[Stored items]

* * * * * * * * *

text \<open>
  Let \<open>T(X, Y) = \<nabla>\<^sub>X Y - \<nabla>\<^sub>Y X - [X, Y]\<close> be the torsion of \<open>\<nabla>\<close> and write
  \<open>v = X + \<xi>\<close>, \<open>w = Y + \<eta>\<close>, \<open>u = Z + \<zeta>\<close>. The form parts of \<open>\<nabla>\<^sub>X \<eta> - \<nabla>\<^sub>Y \<xi>\<close> cancel in
  the torsion with respect to \<open>[\<cdot>,\<cdot>]\<^sub>\<nabla>\<close>, which is therefore just \<open>T(X, Y)\<close>. In the torsion
  with respect to the Courant bracket, \<open>\<nabla>\<^sub>X \<eta> - \<L>\<^sub>X \<eta>\<close> evaluated at \<open>Z\<close> is
  \<open>-\<eta>(\<nabla>\<^sub>Z X) - \<eta>(T(X, Z))\<close>, and the terms \<open>\<eta>(\<nabla>\<^sub>Z X)\<close>, \<open>\<xi>(\<nabla>\<^sub>Z Y)\<close> and
  \<open>Z(\<eta>(X))\<close>, \<open>Z(\<xi>(Y))\<close> cancel against the symmetrisation term and the exact term of the
  bracket, leaving \<open>\<zeta>(T(X, Y)) - \<eta>(T(X, Z)) + \<xi>(T(Y, Z))\<close>. So the two torsions agree
  iff the last two terms always cancel, and testing with \<open>\<xi> = 0\<close>, \<open>\<eta> = d f\<close> shows that this
  forces \<open>T = 0\<close>. Everything is algebra over \<open>C\<^sup>\<infinity>(M)\<close>.
\<close>

lemma Ck_on_const: "Ck_on k S (\<lambda>x. c::real)"
  by (induction k arbitrary: c) (auto intro!: exI[of _ "\<lambda>x v. 0"])

lemma Ck_on_add: "Ck_on k S f \<Longrightarrow> Ck_on k S g \<Longrightarrow> Ck_on k S (\<lambda>x. f x + (g x::real))"
proof (induction k arbitrary: f g)
  case 0
  then show ?case by (simp add: continuous_on_add)
next
  case (Suc k)
  then obtain f' g' where
    "\<forall>x\<in>S. (f has_derivative f' x) (at x)" "\<forall>v. Ck_on k S (\<lambda>x. f' x v)"
    "\<forall>x\<in>S. (g has_derivative g' x) (at x)" "\<forall>v. Ck_on k S (\<lambda>x. g' x v)"
    by auto
  with Suc.IH show ?case
    by (auto intro!: exI[of _ "\<lambda>x v. f' x v + g' x v"] has_derivative_add)
qed
lemma sq_add_scaled_ge:
  fixes x y w \<delta> :: real
  assumes "0 \<le> \<delta>" "0 \<le> w"
  shows "x\<^sup>2 - \<delta> * w * x\<^sup>2 - \<delta> * w * y\<^sup>2 + \<delta>\<^sup>2 * w\<^sup>2 * y\<^sup>2 \<le> (x + \<delta> * w * y)\<^sup>2"
proof -
  have "- (x\<^sup>2 + y\<^sup>2) \<le> 2 * x * y"
    using zero_le_power2[of "x + y"] by (simp add: power2_sum)
  then have "\<delta> * (w * - (x\<^sup>2 + y\<^sup>2)) \<le> \<delta> * (w * (2 * x * y))"
    using assms by (intro mult_left_mono) auto
  then show ?thesis
    by (simp add: power2_eq_square algebra_simps)
qed

locale trotter =
  fixes n L :: nat and \<delta> :: real and a b :: "nat \<Rightarrow> nat \<Rightarrow> real" and d :: "nat \<Rightarrow> real"
  assumes n_pos: "1 \<le> n" and L_pos: "1 \<le> L" and delta_nonneg: "0 \<le> \<delta>"
    and delta_Cseq: "real (length (Cseq n)) * \<delta> \<le> 1/2"
    and ab_bounds: "\<forall>i j. i < j \<and> j < n \<longrightarrow> \<bar>b i j\<bar> \<le> a i j \<and> a i j \<le> 1/2"
    and d_bounds: "\<forall>i<n. \<bar>d i\<bar> \<le> 1"
begin

abbreviation Bs :: "(nat \<Rightarrow> bool) set" where
  "Bs \<equiv> basis_states n"

definition op_mat :: "trot_op \<Rightarrow> (nat \<Rightarrow> bool) rmat" where
  "op_mat ot = (\<lambda>s t. if s \<in> Bs \<and> t \<in> Bs then elem \<delta> a b d ot s t else 0)"

definition flip_mat :: "nat set \<Rightarrow> (nat \<Rightarrow> bool) rmat" where
  "flip_mat F = (\<lambda>s t. if s \<in> Bs \<and> t \<in> Bs \<and> s = flip F t then 1 else 0)"

definition pair_weight :: "nat \<Rightarrow> nat \<Rightarrow> (nat \<Rightarrow> bool) \<Rightarrow> real" where
  "pair_weight i j s = a i j + (if s i = s j then b i j else - b i j)"

lemma length_Cseq_pos: "1 \<le> length (Cseq n)"
  using n_pos by (simp add: Cseq_def)

lemma delta_le_half: "\<delta> \<le> 1/2"
  using delta_Cseq length_Cseq_pos delta_nonneg
  by (smt (verit, ccfv_threshold) mult_le_cancel_right1 of_nat_1 of_nat_mono)

lemma mat_on_op_mat [simp]: "mat_on Bs (op_mat ot)"
  by (auto simp: mat_on_def op_mat_def)

lemma mat_on_flip_mat [simp]: "mat_on Bs (flip_mat F)"
  by (auto simp: mat_on_def flip_mat_def split: if_splits)

lemma mtransp_op_mat: "mtransp (op_mat ot) = op_mat ot"
  by (auto simp: mtransp_def op_mat_def elem_commute fun_eq_iff)

lemma mtransp_flip_mat: "mtransp (flip_mat F) = flip_mat F"
  by (auto simp: mtransp_def flip_mat_def intro!: ext)

lemma flip_mat_empty: "flip_mat {} = mone Bs"
  by (auto simp: flip_mat_def mone_def intro!: ext)

lemma mmult_op_mat_flip_mat_apply:
  "F \<subseteq> {..<n} \<Longrightarrow> s \<in> Bs \<Longrightarrow> t \<in> Bs \<Longrightarrow> mmult Bs (op_mat ot) (flip_mat F) s t = elem \<delta> a b d ot s (flip F t)"
  by (simp add: mmult_def op_mat_def flip_mat_def flip_in_basis_states finite_basis_states
      if_distrib[of "\<lambda>x. _ * x"] cong: if_cong)

lemma mvec_flip_mat:
  assumes "F \<subseteq> {..<n}" "s \<in> Bs"
  shows "mvec Bs (flip_mat F) v s = v (flip F s)"
proof -
  have "mvec Bs (flip_mat F) v s = (\<Sum>t\<in>Bs. if t = flip F s then v t else 0)"
    unfolding mvec_def flip_mat_def using assms by (intro sum.cong refl) auto
  then show ?thesis
    using assms by (simp add: finite_basis_states flip_in_basis_states)
qed

lemma norm_sq_le_flip_mat: "F \<subseteq> {..<n} \<Longrightarrow> norm_sq_le Bs (flip_mat F) 1"
  unfolding norm_sq_le_def vnorm_sq_def
  by (simp add: mvec_flip_mat sum_basis_states_flip[of F n "\<lambda>s. (v s)\<^sup>2" for v])

lemma mvec_op_mat_OneQ:
  "s \<in> Bs \<Longrightarrow> mvec Bs (op_mat (OneQ i)) v s = (1 - \<delta> * d i * (if s i then -1 else 1)) * v s"
  by (simp add: mvec_def op_mat_def finite_basis_states if_distrib[of "\<lambda>x. x * _"] cong: if_cong)

lemma norm_sq_bounds_OneQ:
  assumes "i < n"
  shows "norm_sq_le Bs (op_mat (OneQ i)) ((1 + \<delta>)\<^sup>2) \<and> norm_sq_ge Bs (op_mat (OneQ i)) ((1 - \<delta>)\<^sup>2)"
proof -
  have factor: "(1 - \<delta>)\<^sup>2 \<le> (1 - e)\<^sup>2 \<and> (1 - e)\<^sup>2 \<le> (1 + \<delta>)\<^sup>2" if "\<bar>e\<bar> \<le> \<delta>" for e
    using that delta_le_half by (simp add: abs_le_square_iff[symmetric] power2_le_iff_abs_le abs_le_iff)
  have "\<bar>\<delta> * d i * (if s i then -1 else 1)\<bar> \<le> \<delta>" for s
    using d_bounds assms delta_nonneg by (simp add: abs_mult mult_left_le)
  note factor[OF this]
  then show ?thesis
    unfolding norm_sq_le_def norm_sq_ge_def vnorm_sq_def sum_distrib_left
    by (auto intro!: sum_mono simp: mvec_op_mat_OneQ power_mult_distrib mult_right_mono)
qed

* * * * * * * * *

▶ **Your goal**: Please print exactly what appears from the first line of the data through the line with "the torsion with", including both of those lines and nothing past them.

▶ **Your response**:
text \<open>
  Let \<open>T(X, Y) = \<nabla>\<^sub>X Y - \<nabla>\<^sub>Y X - [X, Y]\<close> be the torsion of \<open>\<nabla>\<close> and write
  \<open>v = X + \<xi>\<close>, \<open>w = Y + \<eta>\<close>, \<open>u = Z + \<zeta>\<close>. The form parts of \<open>\<nabla>\<^sub>X \<eta> - \<nabla>\<^sub>Y \<xi>\<close> cancel in
  the torsion with respect to \<open>[\<cdot>,\<cdot>]\<^sub>\<nabla>\<close>, which is therefore just \<open>T(X, Y)\<close>. In the torsion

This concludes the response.